Clinton’s Religious Freedom

This article is from the archive of The New York Sun before the launch of its new website in 2022. The Sun has neither altered nor updated such articles but will seek to correct any errors, mis-categorizations or other problems introduced during transfer.

The New York Sun

The idea that Hillary Clinton would serve as a champion of religious freedom is being met with skepticism in the pages of the National Review. It picks up on an op-ed piece the Democratic nominee herself wrote for the Deseret News, asserting that she’s been “fighting to defend religious freedom for years.” She boasts of her work overseas, but the author of the National Review piece, Alexandra DeSanctis, reckons that because Mrs. Clinton has “made no effort to defend religious freedom here in the U.S.” her claim “rings hollow.”

Our sentiments exactly. It’s hard to think of a single religious freedom case working its way through the courts here in America in which Mrs. Clinton is on the side of the religious parties. And let’s leave aside, at least for a paragraph or two, the highly fraught disputes that are coming into focus with the conflict between religious communities and secular law in respect of abortion and lesbian, gay, bisexual, and transgender rights. Even on the most anodyne religious freedom controversies, it’s hard to find Mrs. Clinton in the lists.

How about the attempts by New York City’s Human Rights Commission to block Satmar shopkeepers in Brooklyn from requiring, in their shops, modest dress of men and women? Or the attempt by Mayor Bloomberg’s Department of Mental Hygiene to regulate the way circumcision is practiced in some Orthodox Jewish communities? Or, halfway through the Obama presidency, the case in which the Equal Employment Opportunity Commission sought to regulate the hiring of ministers at the Hosanna-Tabor Evangelical Church and School?

Mrs. Clinton was silent, as far as we can tell, in the case against the feather dancer of the Lipan Apache tribe for using in a religious ritual the feathers of an eagle. Mrs. Clinton was mum, too, in respect of the Trinity Lutheran Church Learning Center when Missouri sought to deny it safer playground paving because the school was religious. She failed to defend the Oklahoma parents who were sued by their school district for accepting state scholarship aid to help their disabled son attend a school best suited for his needs even though it was religious.

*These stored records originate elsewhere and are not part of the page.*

lemma prob_space_lifetime_density: "prob_space (density lborel lifetime_density)"
proof
  have "emeasure (density lborel lifetime_density) UNIV = (\<integral>\<^sup>+t. ennreal (lifetime_density t) * 1 \<partial>lborel)"
    by (subst emeasure_density) auto
  also have "\<dots> = (\<integral>\<^sup>+u. ennreal (beta_density k (n - k) u) * indicator {0..1} u \<partial>lborel)"
    using nn_integral_lifetime_density[of "\<lambda>_. 1"] by simp
  also have "\<dots> = 1"
    using k by (simp add: nn_integral_beta_density)
  finally show "emeasure (density lborel lifetime_density) (space (density lborel lifetime_density)) = 1"
    by simp
qed

lemma distr_lifetime: "distr M lborel \<tau> = density lborel lifetime_density"
proof (rule cdf_unique)
  show "real_distribution (distr M lborel \<tau>)"
    unfolding real_distribution_def real_distribution_axioms_def
    using prob_space by (auto intro!: prob_space.prob_space_distr)
  show "real_distribution (density lborel lifetime_density)"
    unfolding real_distribution_def real_distribution_axioms_def
    using prob_space_lifetime_density by auto
  show "cdf (distr M lborel \<tau>) = cdf (density lborel lifetime_density)"
  proof
    fix x
    have "cdf (distr M lborel \<tau>) x = measure M (\<tau> -` {..x} \<inter> space M)"
      unfolding cdf_def by (intro measure_distr) auto
    also have "\<dots> = rv_cdf M \<tau> x"
      unfolding rv_cdf_def by (simp add: vimage_def Int_def conj_commute)
    also have "\<dots> = cdf (density lborel lifetime_density) x"
      unfolding cdf_def measure_def emeasure_lifetime_density_atMost
      using prob_space.prob_le_1[OF prob_space] by (simp add: rv_cdf_def)
    finally show "cdf (distr M lborel \<tau>) x = cdf (density lborel lifetime_density) x" .
  qed
qed
(* Let $\boldsymbol\pi\in\mathcal P^+$ and let $V\in\hat{\mathcal F}$ be a self-extension of $V(\boldsymbol\pi)$. Then $V$ is non-trivial if and only if $V_{\mathrm{wt}\boldsymbol\pi}$ contains a unique (up to scalars) highest-$\ell$-weight vector. Moreover, if $V$ is non-trivial and $v\in V_{\mathrm{wt}\boldsymbol\pi}$ is not an $\ell$-weight vector, then $V=\hat{\mathbf U}_qv$.
   Context: Setting: $R$ irreducible reduced root system with simple roots indexed by $I$, fundamental weights $\omega_i$, weight lattice $P$, $d_i$ symmetrizing integers, $q\in\mathbb C^\times$ not a root of unity, $q_i=q^{d_i}$, $[m]_i=(q_i^m-q_i^{-m})/(q_i-q_i^{-1})$. $\hat{\mathbf U}_q$ is the quantum loop algebra of $R$ with Drinfeld generators $x^\pm_{i,r}$ ($r\in\mathbb Z$), $h_{i,s}$ ($s\in\mathbb Z\setminus\{0\}$), $k_i^{\pm1}$. A module $V$ is of type 1 if $V=\bigoplus_{\mu\in P}V_\mu$, $V_\mu=\{v:k_iv=q_i^{\mu_i}v\}$ where $\mu=\sum\mu_i\omega_i$; $\hat{\mathcal F}$ is the category of finite-dimensional type 1 modules. An $\ell$-weight vector is a simultaneous eigenvector of all $h_{i,s}$; a highest-$\ell$-weight vector is an $\ell$-weight vector lying in some $V_\mu$ and annihilated by all $x^+_{i,r}$. $\mathcal P^+$ is the monoid of $I$-tuples $\boldsymbol\pi=(\pi_i)$ of polynomials with constant term 1, $\mathrm{wt}\boldsymbol\pi=\sum_i(\deg\pi_i)\omega_i$, and $V(\boldsymbol\pi)$ is the simple object of $\hat{\mathcal F}$ generated by a highest-$\ell$-weight vector $v(\boldsymbol\pi)\in V(\boldsymbol\pi)_{\mathrm{wt}\boldsymbol\pi}$ with $h_{i,s}$-eigenvalues $h_{i,s}(\boldsymbol\pi)$ given by $\exp(-\sum_{s\ge1}h_{i,\pm s}(\boldsymbol\pi)u^s/[s]_i)=\pi_i^\pm(u)$ ($\pi_i^+=\pi_i$, $\pi_i^-(u)=u^{\deg\pi_i}\pi_i(u^{-1})$ normalized to constant term 1). A self-extension of $V(\boldsymbol\pi)$ is an object $V$ of $\hat{\mathcal F}$ fitting in a short exact sequence $0\to V(\boldsymbol\pi)\to V\to V(\boldsymbol\pi)\to0$; it is trivial if $V\cong V(\boldsymbol\pi)\oplus V(\boldsymbol\pi)$ and non-trivial otherwise. *)

theory Defs
  imports "HOL-Analysis.Analysis" "HOL-Computational_Algebra.Polynomial_FPS"
begin

text \<open>The irreducible reduced root system R enters only through its Cartan matrix
  a (indexed by the simple roots, type 'i) and the symmetrizing integers d.
  We characterise these as the indecomposable, symmetrizable, positive definite
  generalised Cartan matrices, i.e. the Cartan matrices of finite type.\<close>

definition finite_type_cartan :: "('i::finite \<Rightarrow> 'i \<Rightarrow> int) \<Rightarrow> ('i \<Rightarrow> nat) \<Rightarrow> bool" where
  "finite_type_cartan a d \<longleftrightarrow>
     (\<forall>i. a i i = 2) \<and> (\<forall>i j. i \<noteq> j \<longrightarrow> a i j \<le> 0) \<and>
     (\<forall>i. 0 < d i) \<and> (\<forall>i j. int (d i) * a i j = int (d j) * a j i) \<and>
     (\<forall>x::'i \<Rightarrow> real. x \<noteq> (\<lambda>_. 0) \<longrightarrow>
        (\<Sum>i\<in>UNIV. \<Sum>j\<in>UNIV. x i * real (d i) * of_int (a i j) * x j) > 0) \<and>
     (\<forall>J::'i set. J \<noteq> {} \<and> J \<noteq> UNIV \<longrightarrow> (\<exists>i\<in>J. \<exists>j. j \<notin> J \<and> a i j \<noteq> 0))"

definition qi :: "complex \<Rightarrow> ('i \<Rightarrow> nat) \<Rightarrow> 'i \<Rightarrow> complex" where
  "qi q d i = q ^ d i"

definition qnum :: "complex \<Rightarrow> int \<Rightarrow> complex" where
  "qnum x m = (x powi m - x powi (- m)) / (x - inverse x)"

definition qfact :: "complex \<Rightarrow> nat \<Rightarrow> complex" where
  "qfact x n = (\<Prod>t\<in>{1..n}. qnum x (int t))"

definition qbinom :: "complex \<Rightarrow> nat \<Rightarrow> nat \<Rightarrow> complex" where
  "qbinom x m k = qfact x m / (qfact x k * qfact x (m - k))"

datatype 'i gen = Xp 'i int | Xm 'i int | Hg 'i int | Kg 'i | Kinv 'i

text \<open>h_{i,0} is not a generator.\<close>
definition valid_gen :: "'i gen \<Rightarrow> bool" where
  "valid_gen g \<longleftrightarrow> (\<forall>i. g \<noteq> Hg i 0)"

type_synonym ('i, 'n) rep = "'i gen \<Rightarrow> complex^'n^'n"

definition cscale :: "complex \<Rightarrow> complex^'n^'n \<Rightarrow> complex^'n^'n" where
  "cscale c M = (\<chi> a b. c * M $ a $ b)"

definition mprod :: "(complex^'n^'n) list \<Rightarrow> complex^'n^'n" where
  "mprod ms = foldr (\<lambda>A B. A ** B) ms (mat 1)"
(* Let $H$ be a connected graph on $t\ge 2$ vertices. If $h_H(\mathbf{x};K_q)$ has M-convex support for some $q\ge t$, then $h_H(\mathbf{x};G)$ has M-convex support for every antiferromagnetic weighted graph $G$.
   Context: A weighted graph $G$ on $[n]$ is a symmetric matrix with nonnegative entries $G(i,j)$ (loops allowed); it is antiferromagnetic if it has at most one positive eigenvalue, counted with multiplicity. $K_q$ is the loopless complete graph on $q$ vertices with $\{0,1\}$ weights. For a graph $H$, the $G$-chromatic function is the polynomial in $\mathbf{x}=(x_1,\dots,x_n)$ \[h_H(\mathbf{x};G)=\sum_{\phi:V(H)\to[n]}\prod_{uv\in E(H)}G(\phi(u),\phi(v))\prod_{v\in V(H)}x_{\phi(v)}.\] The support of a polynomial is the set of exponent vectors in $\mathbb{N}_0^n$ of monomials with nonzero coefficient. A set $S\subseteq\mathbb{N}_0^n$ is M-convex if for all $\mathbf{a},\mathbf{b}\in S$ and every $i$ with $a_i>b_i$ there is $j$ with $a_j<b_j$ and $\mathbf{a}-\mathbf{e}_i+\mathbf{e}_j\in S$. *)

theory Defs
  imports "Jordan_Normal_Form.Char_Poly" "HOL-Library.FuncSet"
begin

definition weighted_graph :: "nat \<Rightarrow> real mat \<Rightarrow> bool" where
  "weighted_graph n G \<longleftrightarrow> G \<in> carrier_mat n n \<and> transpose_mat G = G \<and>
     (\<forall>i<n. \<forall>j<n. G $$ (i, j) \<ge> 0)"

definition num_pos_eigenvalues :: "real mat \<Rightarrow> nat" where
  "num_pos_eigenvalues G =
     (\<Sum>x\<in>{x. x > 0 \<and> poly (char_poly G) x = 0}. order x (char_poly G))"

definition antiferromagnetic :: "nat \<Rightarrow> real mat \<Rightarrow> bool" where
  "antiferromagnetic n G \<longleftrightarrow> weighted_graph n G \<and> num_pos_eigenvalues G \<le> 1"

definition complete_graph :: "nat \<Rightarrow> real mat" where
  "complete_graph q = mat q q (\<lambda>(i, j). if i = j then 0 else 1)"

text \<open>A simple graph H on vertex set {0..<t}: each edge {u,v} listed once as (u,v) with u<v.\<close>
definition simple_graph :: "nat \<Rightarrow> (nat \<times> nat) set \<Rightarrow> bool" where
  "simple_graph t E \<longleftrightarrow> E \<subseteq> {(u, v). u < v \<and> v < t}"

definition connected_graph :: "nat \<Rightarrow> (nat \<times> nat) set \<Rightarrow> bool" where
  "connected_graph t E \<longleftrightarrow>
     (\<forall>u<t. \<forall>v<t. (\<lambda>x y. (x, y) \<in> E \<or> (y, x) \<in> E)\<^sup>*\<^sup>* u v)"

text \<open>Coefficient of the monomial x^a in h_H(x;G), where H = ({0..<t},E) and G is on [n].\<close>
definition hcoeff :: "nat \<Rightarrow> (nat \<times> nat) set \<Rightarrow> nat \<Rightarrow> real mat \<Rightarrow> (nat \<Rightarrow> nat) \<Rightarrow> real" where
  "hcoeff t E n G a =
     (\<Sum>\<phi>\<in>{0..<t} \<rightarrow>\<^sub>E {0..<n}.
        if (\<forall>i<n. card {v\<in>{0..<t}. \<phi> v = i} = a i)
        then (\<Prod>(u, v)\<in>E. G $$ (\<phi> u, \<phi> v)) else 0)"

text \<open>Support of h_H(x;G): exponent vectors in N_0^n (functions vanishing outside [n]).\<close>
definition hsupport :: "nat \<Rightarrow> (nat \<times> nat) set \<Rightarrow> nat \<Rightarrow> real mat \<Rightarrow> (nat \<Rightarrow> nat) set" where
  "hsupport t E n G = {a. (\<forall>i\<ge>n. a i = 0) \<and> hcoeff t E n G a \<noteq> 0}"

definition M_convex :: "(nat \<Rightarrow> nat) set \<Rightarrow> bool" where
  "M_convex S \<longleftrightarrow> (\<forall>a\<in>S. \<forall>b\<in>S. \<forall>i. a i > b i \<longrightarrow>
     (\<exists>j. a j < b j \<and> a(i := a i - 1, j := a j + 1) \<in> S))"

end

theory Submission
  imports Defs "HOL-Computational_Algebra.Fundamental_Theorem_Algebra"
    "Jordan_Normal_Form.Schur_Decomposition" "HOL-Combinatorics.Permutations"
begin

(* An antiferromagnetic matrix has at most one positive eigenvalue, so its quadratic form satisfies
   the reverse Cauchy-Schwarz inequality; testing it on e_i + e_k and e_j + s e_l shows that in the
   support graph of G non-adjacency is transitive through non-isolated vertices. So the non-isolated
   part of the support graph consists of looped vertices adjacent to everything and of independent
   classes that are completely joined to each other.
   The support of h_H(x;G) is the set of exponent vectors of homomorphisms from H to this graph. A
   homomorphism only matters through its block sums (vertices can be moved inside a class or among the
   looped vertices), and it is recorded by a proper colouring of H with n + t colours: a class is
   coloured by a representative, and vertices sent to looped vertices get distinct fresh colours.
   M-convexity for proper colourings transfers from q >= t colours to any number of colours, and an
   exchange step between two such colourings translates back to an exchange step for homomorphisms. *)

section \<open>Real symmetric matrices\<close>

lemma real_symmetric_has_eigenvector:
  fixes A :: "real mat"
  assumes A: "A \<in> carrier_mat n n" and sym: "A\<^sup>T = A" and n: "n > 0"
  shows "\<exists>e v. v \<in> carrier_vec n \<and> v \<noteq> 0\<^sub>v n \<and> A *\<^sub>v v = e \<cdot>\<^sub>v v"
proof -
  let ?Ac = "map_mat complex_of_real A"
  have Ac: "?Ac \<in> carrier_mat n n" using A by auto
  have cp: "char_poly ?Ac = map_poly of_real (char_poly A)"
    using of_real_hom.char_poly_hom[OF A] by simp
  have "degree (char_poly ?Ac) = n" using degree_monic_char_poly[OF Ac] by simp
  hence "\<not> constant (poly (char_poly ?Ac))" using n by (simp add: constant_degree)
  then obtain z where z: "poly (char_poly ?Ac) z = 0" using fundamental_theorem_of_algebra by blast
  hence "eigenvalue ?Ac z" using eigenvalue_root_char_poly[OF Ac] by simp
  then obtain v where "eigenvector ?Ac v z" unfolding eigenvalue_def by blast
  hence v: "v \<in> carrier_vec n" and v0: "v \<noteq> 0\<^sub>v n" and Av: "?Ac *\<^sub>v v = z \<cdot>\<^sub>v v"
    unfolding eigenvector_def using Ac by auto
  have symA: "\<And>i j. i < n \<Longrightarrow> j < n \<Longrightarrow> A $$ (j, i) = A $$ (i, j)"
    using sym A by (metis carrier_matD index_transpose_mat(1))
  txt \<open>The Hermitian form \<open>v\<^sup>* A v\<close> is real and equals \<open>z |v|\<^sup>2\<close>, so \<open>z\<close> is real.\<close>
  define S where "S = (\<Sum>i<n. cnj (v $ i) * (\<Sum>j<n. of_real (A $$ (i,j)) * v $ j))"
  define r where "r = (\<Sum>i<n. (cmod (v $ i))\<^sup>2)"
  have row: "\<And>i. i < n \<Longrightarrow> (?Ac *\<^sub>v v) $ i = (\<Sum>j<n. of_real (A $$ (i,j)) * v $ j)"
    using A v by (auto simp: scalar_prod_def row_def lessThan_atLeast0 intro!: sum.cong)
  have "S = (\<Sum>i<n. cnj (v $ i) * (z * v $ i))"
    unfolding S_def using row Av v by (auto intro!: sum.cong simp flip: row)
  also have "\<dots> = z * of_real r"
    unfolding r_def of_real_sum sum_distrib_left
    by (auto simp: algebra_simps simp flip: complex_norm_square intro!: sum.cong)
  finally have S_eq: "S = z * of_real r" .
  have "cnj S = (\<Sum>i<n. \<Sum>j<n. cnj (v $ j) * of_real (A $$ (j,i)) * v $ i)"
    unfolding S_def by (auto simp: sum_distrib_left symA algebra_simps intro!: sum.cong)
  also have "\<dots> = S"
    unfolding S_def by (subst sum.swap) (simp add: sum_distrib_left algebra_simps)
  finally have "Im S = 0" by (metis cnj.simps(2) neg_equal_zero)
  obtain i0 where i0: "i0 < n" "v $ i0 \<noteq> 0" using v v0 by (metis carrier_vecD eq_vecI index_zero_vec)
  have "r > 0" unfolding r_def by (rule sum_pos2[of _ i0]) (use i0 in auto)
  with \<open>Im S = 0\<close> S_eq have "Im z = 0" by simp
  hence "z = of_real (Re z)" by (simp add: complex_eq_iff)
  hence "poly (map_poly of_real (char_poly A)) (of_real (Re z) :: complex) = 0" using z cp by simp
  hence "eigenvalue A (Re z)" using eigenvalue_root_char_poly[OF A] by simp
  then obtain w where "eigenvector A w (Re z)" using find_eigenvector[OF A] by blast
  thus ?thesis unfolding eigenvector_def using A by auto
qed

lemma real_vec_self_scalar_prod_nonneg: "(w :: real vec) \<bullet> w \<ge> 0"
  unfolding scalar_prod_def by (auto intro: sum_nonneg)

lemma nonzero_vec_dim_pos:
  assumes "v \<in> carrier_vec n" and "v \<noteq> 0\<^sub>v n"
  shows "n > 0"
proof (rule ccontr)
  assume "\<not> n > 0"
  with assms(1) have "v = 0\<^sub>v n" by (intro eq_vecI) auto
  with assms(2) show False ..
qed

lemma orthonormal_list_with_first:
  fixes v :: "real vec"
  assumes v: "v \<in> carrier_vec n" and v0: "v \<noteq> 0\<^sub>v n"
  shows "\<exists>us. length us = n \<and> set us \<subseteq> carrier_vec n \<and> us ! 0 = (1 / sqrt (v \<bullet> v)) \<cdot>\<^sub>v v \<and>
           (\<forall>i<n. \<forall>j<n. us ! i \<bullet> us ! j = (if i = j then 1 else 0))"
proof -
  interpret cof_vec_space n "TYPE(real)" .
  have n: "n > 0" using nonzero_vec_dim_pos[OF v v0] .
  define b where "b = basis_completion v"
  from basis_completion[OF v v0, folded b_def]
  have dist_b: "distinct b" and indep: "\<not> lin_dep (set b)" and b: "set b \<subseteq> carrier_vec n"
    and hdb: "hd b = v" and len_b: "length b = n" by auto
  from hdb len_b n obtain vs where bv: "b = v # vs" by (cases b) auto
  define ws where "ws = gram_schmidt n b"
  from gram_schmidt_result[OF b dist_b indep ws_def]
  have ws: "set ws \<subseteq> carrier_vec n" "corthogonal ws" "length ws = n" by (auto simp: len_b)
  from gram_schmidt_hd[OF v, of vs, folded bv] have "hd ws = v" unfolding ws_def .
  hence ws0: "ws ! 0 = v" using ws(3) n by (cases ws) auto
  have orth: "\<And>i j. i < n \<Longrightarrow> j < n \<Longrightarrow> (ws ! i \<bullet> ws ! j = 0) = (i \<noteq> j)"
    using ws(2,3) unfolding corthogonal_def by auto
  have wpos: "\<And>i. i < n \<Longrightarrow> ws ! i \<bullet> ws ! i > 0"
    using orth real_vec_self_scalar_prod_nonneg by (metis less_eq_real_def)
  define us where "us = map (\<lambda>w. (1 / sqrt (w \<bullet> w)) \<cdot>\<^sub>v w) ws"
  have "us ! i \<bullet> us ! j = (if i = j then 1 else 0)" if i: "i < n" and j: "j < n" for i j
  proof -
    have "ws ! i \<in> carrier_vec n" "ws ! j \<in> carrier_vec n" using ws i j by auto
    hence "us ! i \<bullet> us ! j = (1 / sqrt (ws!i \<bullet> ws!i)) * (1 / sqrt (ws!j \<bullet> ws!j)) * (ws ! i \<bullet> ws ! j)"
      unfolding us_def using i j ws(3) by simp
    thus ?thesis using orth[OF i j] wpos[OF i] wpos[OF j]
      by (auto simp: real_sqrt_mult[symmetric] field_simps)
  qed
  moreover have "length us = n" "set us \<subseteq> carrier_vec n" using ws unfolding us_def by auto
  moreover have "us ! 0 = (1 / sqrt (v \<bullet> v)) \<cdot>\<^sub>v v" using ws0 ws(3) n unfolding us_def by simp
  ultimately show ?thesis by blast
qed

lemma orthogonal_mat_with_first_col:
  fixes v :: "real vec"
  assumes v: "v \<in> carrier_vec n" and v0: "v \<noteq> 0\<^sub>v n"
  shows "\<exists>W \<in> carrier_mat n n. W\<^sup>T * W = 1\<^sub>m n \<and> W * W\<^sup>T = 1\<^sub>m n \<and>
           col W 0 = (1 / sqrt (v \<bullet> v)) \<cdot>\<^sub>v v"
proof -
  obtain us where us: "length us = n" "set us \<subseteq> carrier_vec n" "us ! 0 = (1 / sqrt (v \<bullet> v)) \<cdot>\<^sub>v v"
    and orthonormal: "\<And>i j. i < n \<Longrightarrow> j < n \<Longrightarrow> us ! i \<bullet> us ! j = (if i = j then 1 else 0)"
    using orthonormal_list_with_first[OF v v0] by blast
  have n: "n > 0" using nonzero_vec_dim_pos[OF v v0] .
  define W where "W = mat_of_cols n us"
  have W: "W \<in> carrier_mat n n" unfolding W_def using us(1) by (metis mat_of_cols_carrier(1))
  have "us ! j \<in> carrier_vec n" if "j < n" for j using us(1,2) that nth_mem by blast
  hence colW: "\<And>j. j < n \<Longrightarrow> col W j = us ! j" unfolding W_def using us(1) by auto
  have WTW: "W\<^sup>T * W = 1\<^sub>m n" by (rule eq_matI) (use W colW orthonormal in auto)
  moreover have "W * W\<^sup>T = 1\<^sub>m n" using mat_mult_left_right_inverse[OF _ W WTW] W by auto
  moreover have "col W 0 = (1 / sqrt (v \<bullet> v)) \<cdot>\<^sub>v v" using colW[OF n] us(3) by simp
  ultimately show ?thesis using W by blast
qed
(* Let $n\ge 2$, $r>0$, $I_n=\{\bm{x}\in\mathbb{R}^n: |x_i|\le r,\ i=1,\dots,n\}$, and $f\in C^1(I_n)$. Then any $h$ satisfying $h=f$ on $D_n$, $\nabla h=\nabla f$ on $D_n$, and $h\in\mathcal{H}_-(I_n,f)$ is a best one-sided $L^1$-approximant from below to $f$ with respect to $\mathcal{H}(I_n)$, i.e. $\|f-h\|_1\le\|f-\tilde h\|_1$ for every $\tilde h\in\mathcal{H}_-(I_n,f)$.
   Context: $\mathcal{H}(I_n)$ is the space of functions harmonic ($C^2$ with vanishing Laplacian) in some domain containing $I_n$; $\mathcal{H}_-(I_n,f)=\{h\in\mathcal{H}(I_n): h\le f \text{ on } I_n\}$; $\|g\|_1=\int_{I_n}|g|\,d\lambda_n$ with $\lambda_n$ Lebesgue measure. For $1\le i<j\le n$, $D^{ij}_n=\{\bm{x}\in I_n : |x_k|\le |x_i|=|x_j| \text{ for all } k\ne i,j\}$, and $D_n=\bigcup_{1\le i<j\le n}D^{ij}_n$. *)

theory Defs
  imports "HOL-Analysis.Analysis"
begin

definition cube :: "real \<Rightarrow> (real^'n) set" where
  "cube r = {x. \<forall>i. \<bar>x $ i\<bar> \<le> r}"

definition diagset :: "real \<Rightarrow> (real^'n) set" where
  "diagset r = {x \<in> cube r. \<exists>i j. i \<noteq> j \<and> \<bar>x $ i\<bar> = \<bar>x $ j\<bar> \<and>
                  (\<forall>k. k \<noteq> i \<and> k \<noteq> j \<longrightarrow> \<bar>x $ k\<bar> \<le> \<bar>x $ i\<bar>)}"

For that matter, Mrs. Clinton kept quiet during the famous struggle of Pastor Clyde Reed against the town of Gilbert, Arizona, which sought to apply to the signage he used to advertise his services restrictions that were more onerous than signage for other services around town. Nor was Mrs. Clinton any help to Greece, N.Y., in its long struggle for the right to begin town meetings with a prayer. Not a peep, even though the town Greece is in her home state and the case had been in the news in its long climb to triumph in the Supreme Court.

No, that and other victories for religious freedom were won entirely without Mrs. Clinton’s help. Across the land, hundreds, no doubt thousands, of court cases are being levied by religious Americans, of all faiths, who seek to freely exercise their religion. In the cataract of cases arising out of the struggle for gay and lesbian, bisexual, and transgender Americans for equal rights, Mrs. Clinton has played no useful role in seeking ways to accommodate religious Americans. In our view, it’s a tragedy for both sides.

In some of the religious freedom cases, finally, the courts were able to conclude with broad agreement in favor of the religious parties. In Hosanna-Tabor, the Supreme Court was unanimous, as in nine to zero. As it was in Pastor Reed’s campaign against his church’s signage. Even then, Mrs. Clinton was off the field. We do not suggest that she herself is a bigot or even hostile to religion. Simply that her claim to be a champion of religious freedom is not credible. The sad truth is that religious freedom is a cause with few allies in the Democratic Party leadership.